◆ How to complete this task:
Lines to restate from the data below: from the one containing "CNOT (fst p)" to the one containing "(m + j) \<dots>", both included. Give them again exactly, and only them.

*** Begin section ***

lemma perm_mat_eq_smult_imp_eq:
  assumes "perm_mat N f = z \<cdot>\<^sub>m (perm_mat N g :: 'a :: semiring_1 mat)" "c < N" "f c < N"
  shows "f c = g c"
proof (rule ccontr)
  assume "f c \<noteq> g c"
  have "perm_mat N f $$ (f c, c) = (z \<cdot>\<^sub>m (perm_mat N g :: 'a mat)) $$ (f c, c)"
    by (simp only: assms(1))
  with \<open>f c \<noteq> g c\<close> assms(2,3) show False by (simp add: perm_mat_def)
qed

lemma circuit_equiv_common:
  assumes "circuit_equiv n C D" "circuit_equiv n C' D"
  shows "circuit_equiv n C C'"
proof -
  obtain z where z: "circuit_mat n C = z \<cdot>\<^sub>m circuit_mat n D" "cmod z = 1"
    using assms(1) unfolding circuit_equiv_def by blast
  obtain z' where z': "circuit_mat n C' = z' \<cdot>\<^sub>m circuit_mat n D" "cmod z' = 1"
    using assms(2) unfolding circuit_equiv_def by blast
  have "z' \<noteq> 0" using z'(2) by auto
  have "circuit_mat n C = (z / z') \<cdot>\<^sub>m circuit_mat n C'"
    unfolding z(1) z'(1) using \<open>z' \<noteq> 0\<close> by (intro eq_matI) auto
  moreover have "cmod (z / z') = 1" using z(2) z'(2) by (simp add: norm_divide)
  ultimately show ?thesis unfolding circuit_equiv_def by blast
qed

definition cnot_circuit :: "nat \<Rightarrow> gate list \<Rightarrow> bool" where
  "cnot_circuit n C = (\<forall>g\<in>set C. \<exists>a b. g = CNOT a b \<and> b < n)"

fun cnot_circuit_fun :: "gate list \<Rightarrow> nat \<Rightarrow> nat" where
  "cnot_circuit_fun [] = id"
| "cnot_circuit_fun (CNOT a b # C) = cnot_circuit_fun C \<circ> cnot_basis a b"
| "cnot_circuit_fun (_ # C) = cnot_circuit_fun C"

lemma cnot_circuit_fun_less_power:
  "cnot_circuit n C \<Longrightarrow> x < 2 ^ n \<Longrightarrow> cnot_circuit_fun C x < 2 ^ n"
proof (induction C arbitrary: x)
  case (Cons g C)
  then obtain a b where "g = CNOT a b" "b < n" by (auto simp: cnot_circuit_def)
  with Cons show ?case by (simp add: cnot_circuit_def cnot_basis_less_power)
qed simp

lemma gate_mat_CNOT: "gate_mat n (CNOT a b) = perm_mat (2 ^ n) (cnot_basis a b)"
  unfolding gate_mat_def perm_mat_def cnot_basis_def of_bool_def by simp

lemma foldl_gate_mat_perm_mat:
  assumes "cnot_circuit n C" "\<forall>x<2 ^ n. f x < 2 ^ n"
  shows "foldl (\<lambda>M g. gate_mat n g * M) (perm_mat (2 ^ n) f) C = perm_mat (2 ^ n) (cnot_circuit_fun C \<circ> f)"
  using assms
proof (induction C arbitrary: f)
  case (Cons g C)
  then obtain a b where g: "g = CNOT a b" "b < n" and C: "cnot_circuit n C"
    by (auto simp: cnot_circuit_def)
  have "gate_mat n g * perm_mat (2 ^ n) f = perm_mat (2 ^ n) (cnot_basis a b \<circ> f)"
    unfolding g gate_mat_CNOT using Cons.prems(2) by (rule perm_mat_mult)
  moreover have "\<forall>x<2 ^ n. (cnot_basis a b \<circ> f) x < 2 ^ n"
    using Cons.prems(2) g(2) by (simp add: cnot_basis_less_power)
  ultimately show ?case using Cons.IH[OF C] g by (simp add: comp_assoc)
qed simp

lemma circuit_mat_cnot_circuit:
  "cnot_circuit n C \<Longrightarrow> circuit_mat n C = perm_mat (2 ^ n) (cnot_circuit_fun C)"
  unfolding circuit_mat_def perm_mat_id[symmetric] by (simp add: foldl_gate_mat_perm_mat)

lemma equiv_cnot_circuits_imp_fun_eq:
  assumes "cnot_circuit n C" "cnot_circuit n C'" "circuit_equiv n C C'" "x < 2 ^ n"
  shows "cnot_circuit_fun C x = cnot_circuit_fun C' x"
proof -
  obtain z :: complex
    where "perm_mat (2 ^ n) (cnot_circuit_fun C) = z \<cdot>\<^sub>m perm_mat (2 ^ n) (cnot_circuit_fun C')"
    using assms(3) unfolding circuit_equiv_def circuit_mat_cnot_circuit[OF assms(1)]
      circuit_mat_cnot_circuit[OF assms(2)] by blast
  then show ?thesis
    using assms(4) cnot_circuit_fun_less_power[OF assms(1,4)] by (rule perm_mat_eq_smult_imp_eq)
qed

definition bipartite_cnot :: "nat \<Rightarrow> nat \<times> nat \<Rightarrow> gate" where
  "bipartite_cnot m p = CNOT (fst p) (m + snd p)"

lemma qbit_target_bipartite_cnots:
  assumes "\<forall>p\<in>set ps. fst p < m"
  shows "qbit (m + j) (cnot_circuit_fun (map (bipartite_cnot m) ps) x) =
     (qbit (m + j) x + length (filter (\<lambda>p. snd p = j \<and> qbit (fst p) x = 1) ps)) mod 2"
  using assms
proof (induction ps arbitrary: x)
  case Nil
  then show ?case by (simp add: qbit_def)
next
  case (Cons p ps)
  define y where "y = cnot_basis (fst p) (m + snd p) x"
  have "fst p \<noteq> m + snd p" using Cons.prems by auto
  then have y: "qbit q y = (if q = m + snd p then (qbit q x + qbit (fst p) x) mod 2 else qbit q x)" for q
    unfolding y_def by (simp add: qbit_cnot_basis)
  have "cnot_circuit_fun (map (bipartite_cnot m) (p # ps)) x = cnot_circuit_fun (map (bipartite_cnot m) ps) y"
    by (simp add: bipartite_cnot_def y_def)
  also have "qbit (m + j) \<dots> = (qbit (m + j) y + length (filter (\<lambda>p. snd p = j \<and> qbit (fst p) y = 1) ps)) mod 2"
    using Cons by simp
  also have "filter (\<lambda>p. snd p = j \<and> qbit (fst p) y = 1) ps = filter (\<lambda>p. snd p = j \<and> qbit (fst p) x = 1) ps"
    using Cons.prems y by (intro filter_cong) auto
  finally show ?case
    using y[of "m + j"] qbit_eq_of_bool_bit[of "fst p" x] by (auto simp: mod_add_left_eq ac_simps)
qed

definition bipartite_circuit :: "nat \<Rightarrow> (nat \<times> nat) set \<Rightarrow> gate list" where
  "bipartite_circuit m S = map (bipartite_cnot m) (filter (\<lambda>p. p \<in> S) (List.product [0..<m] [0..<m]))"

lemma circuit_ok_bipartite_circuit: "2 * m \<le> n \<Longrightarrow> circuit_ok n (bipartite_circuit m S)"
  by (auto simp: bipartite_circuit_def circuit_ok_def gate_ok_def bipartite_cnot_def)

lemma cnot_circuit_bipartite_circuit: "2 * m \<le> n \<Longrightarrow> cnot_circuit n (bipartite_circuit m S)"
  by (auto simp: bipartite_circuit_def cnot_circuit_def bipartite_cnot_def)

lemma qbit_bipartite_circuit_basis:
  assumes "i < m" "j < m"
  shows "qbit (m + j) (cnot_circuit_fun (bipartite_circuit m S) (2 ^ i)) = of_bool ((i, j) \<in> S)"
proof -
  let ?ps = "filter (\<lambda>p. p \<in> S) (List.product [0..<m] [0..<m])"
  have qbit_basis: "qbit q (2 ^ i) = of_bool (q = i)" for q
    by (simp add: qbit_eq_of_bool_bit bit_exp_iff)
  have "{p. snd p = j \<and> qbit (fst p) (2 ^ i) = 1} \<inter> set ?ps = (if (i, j) \<in> S then {(i, j)} else {})"
    using assms by (auto simp: qbit_basis)
  moreover have "distinct ?ps" by (simp add: distinct_product)
  ultimately have "length (filter (\<lambda>p. snd p = j \<and> qbit (fst p) (2 ^ i) = 1) ?ps) = of_bool ((i, j) \<in> S)"
    by (simp only: distinct_length_filter) simp
  moreover have "\<forall>p\<in>set ?ps. fst p < m" by auto
  ultimately show ?thesis
    unfolding bipartite_circuit_def using assms by (simp add: qbit_target_bipartite_cnots qbit_basis)
qed

lemma bipartite_circuit_equiv_imp_eq:
  assumes "2 * m \<le> n" "S \<subseteq> {..<m} \<times> {..<m}" "T \<subseteq> {..<m} \<times> {..<m}"
    and "circuit_equiv n (bipartite_circuit m S) (bipartite_circuit m T)"
  shows "S = T"
proof -
  have "(i, j) \<in> S \<longleftrightarrow> (i, j) \<in> T" if "i < m" "j < m" for i j
  proof -
    have "(2::nat) ^ i < 2 ^ n" using that assms(1) by simp
    then have "cnot_circuit_fun (bipartite_circuit m S) (2 ^ i) = cnot_circuit_fun (bipartite_circuit m T) (2 ^ i)"
      using assms(1,4) by (intro equiv_cnot_circuits_imp_fun_eq cnot_circuit_bipartite_circuit)
    then show ?thesis using qbit_bipartite_circuit_basis[OF that] by (metis of_bool_eq_iff)
  qed
  then show ?thesis using assms(2,3) by blast
qed

lemma card_lists_length_le_le_power:
  assumes "finite A" "2 \<le> card A"
  shows "card {xs. set xs \<subseteq> A \<and> length xs \<le> K} \<le> card A ^ (2 * K)"
proof -
  have "card {xs. set xs \<subseteq> A \<and> length xs \<le> K} = (\<Sum>i\<le>K. card A ^ i)"
    using assms(1) by (rule card_lists_length_le)
  also have "\<dots> \<le> (\<Sum>i\<le>K. card A ^ K)"
    using assms(2) by (intro sum_mono power_increasing) auto
  also have "\<dots> = (K + 1) * card A ^ K" by simp
  also have "\<dots> \<le> 2 ^ K * card A ^ K"
    by (intro mult_right_mono) (simp_all add: Suc_leI)
  also have "\<dots> \<le> card A ^ K * card A ^ K"
    using assms(2) by (intro mult_right_mono power_mono) auto
  also have "\<dots> = card A ^ (2 * K)" by (simp add: power_add[symmetric] mult_2)
  finally show ?thesis .
qed

lemma gates_subset:
  "{g. gate_ok n g} \<subseteq> case_prod CNOT ` ({..<n} \<times> {..<n}) \<union> Had ` {..<n} \<union> Phase ` {..<n}"
proof
  fix g assume "g \<in> {g. gate_ok n g}"
  then show "g \<in> case_prod CNOT ` ({..<n} \<times> {..<n}) \<union> Had ` {..<n} \<union> Phase ` {..<n}"
    by (cases g) (auto simp: gate_ok_def)
qed

lemma finite_gates: "finite {g. gate_ok n g}"
  by (rule finite_subset[OF gates_subset]) simp

lemma card_gates_le:
  assumes "2 \<le> n"
  shows "card {g. gate_ok n g} \<le> n ^ 3"
proof -
  have "card {g. gate_ok n g} \<le> card (case_prod CNOT ` ({..<n} \<times> {..<n}) \<union> Had ` {..<n} \<union> Phase ` {..<n})"
    by (intro card_mono gates_subset) simp
  also have "\<dots> \<le> n * n + n + n"
    by (intro card_Un_le[THEN order_trans] add_mono card_image_le[THEN order_trans]) (auto simp: card_cartesian_product)
  also have "\<dots> \<le> n ^ 3"
  proof -
    have "2 * n \<le> n * n" and "2 * (n * n) \<le> n * (n * n)"
      using mult_le_mono1[OF assms] by blast+
    then show ?thesis by (simp only: power3_eq_cube mult.assoc)
  qed
  finally show ?thesis .
qed

lemma two_le_card_gates: "2 \<le> n \<Longrightarrow> 2 \<le> card {g. gate_ok n g}"
  using card_mono[OF finite_gates, of "{Had 0, Had 1}" n] by (simp add: gate_ok_def)

lemma exists_bipartite_circuit_without_short_equivalent:
  assumes "2 \<le> n" "2 * m \<le> n" "(n ^ 3) ^ (2 * K) < 2 ^ (m * m)"
  shows "\<exists>S. \<forall>D. circuit_ok n D \<and> circuit_equiv n (bipartite_circuit m S) D \<longrightarrow> K < length D"
proof (rule ccontr)
  let ?P = "Pow ({..<m} \<times> {..<m})" and ?G = "{g. gate_ok n g}"
  assume "\<not> ?thesis"
  then obtain short where short: "\<And>S. circuit_ok n (short S) \<and>
      circuit_equiv n (bipartite_circuit m S) (short S) \<and> length (short S) \<le> K"
    by (metis not_less)
  have "inj_on short ?P"
  proof (rule inj_onI)
    fix S T assume "S \<in> ?P" "T \<in> ?P" "short S = short T"
    moreover have "circuit_equiv n (bipartite_circuit m S) (bipartite_circuit m T)"
      using short \<open>short S = short T\<close> circuit_equiv_common by metis
    ultimately show "S = T" using bipartite_circuit_equiv_imp_eq[OF assms(2)] by blast
  qed
  moreover have "short ` ?P \<subseteq> {D. set D \<subseteq> ?G \<and> length D \<le> K}"
    using short by (auto simp: circuit_ok_def)
  ultimately have "card ?P \<le> card {D. set D \<subseteq> ?G \<and> length D \<le> K}"
    by (intro card_inj_on_le) (simp_all add: finite_lists_length_le finite_gates)
  also have "\<dots> \<le> card ?G ^ (2 * K)"
    using assms(1) by (intro card_lists_length_le_le_power finite_gates two_le_card_gates)
  also have "\<dots> \<le> (n ^ 3) ^ (2 * K)"
    using assms(1) by (intro power_mono card_gates_le) simp_all
  finally show False
    using assms(3) by (simp add: card_Pow card_cartesian_product)
qed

*** End section ***

◆ Exercise output:
  "bipartite_cnot m p = CNOT (fst p) (m + snd p)"

lemma qbit_target_bipartite_cnots:
  assumes "\<forall>p\<in>set ps. fst p < m"
  shows "qbit (m + j) (cnot_circuit_fun (map (bipartite_cnot m) ps) x) =
     (qbit (m + j) x + length (filter (\<lambda>p. snd p = j \<and> qbit (fst p) x = 1) ps)) mod 2"
  using assms
proof (induction ps arbitrary: x)
  case Nil
  then show ?case by (simp add: qbit_def)
next
  case (Cons p ps)
  define y where "y = cnot_basis (fst p) (m + snd p) x"
  have "fst p \<noteq> m + snd p" using Cons.prems by auto
  then have y: "qbit q y = (if q = m + snd p then (qbit q x + qbit (fst p) x) mod 2 else qbit q x)" for q
    unfolding y_def by (simp add: qbit_cnot_basis)
  have "cnot_circuit_fun (map (bipartite_cnot m) (p # ps)) x = cnot_circuit_fun (map (bipartite_cnot m) ps) y"
    by (simp add: bipartite_cnot_def y_def)
  also have "qbit (m + j) \<dots> = (qbit (m + j) y + length (filter (\<lambda>p. snd p = j \<and> qbit (fst p) y = 1) ps)) mod 2"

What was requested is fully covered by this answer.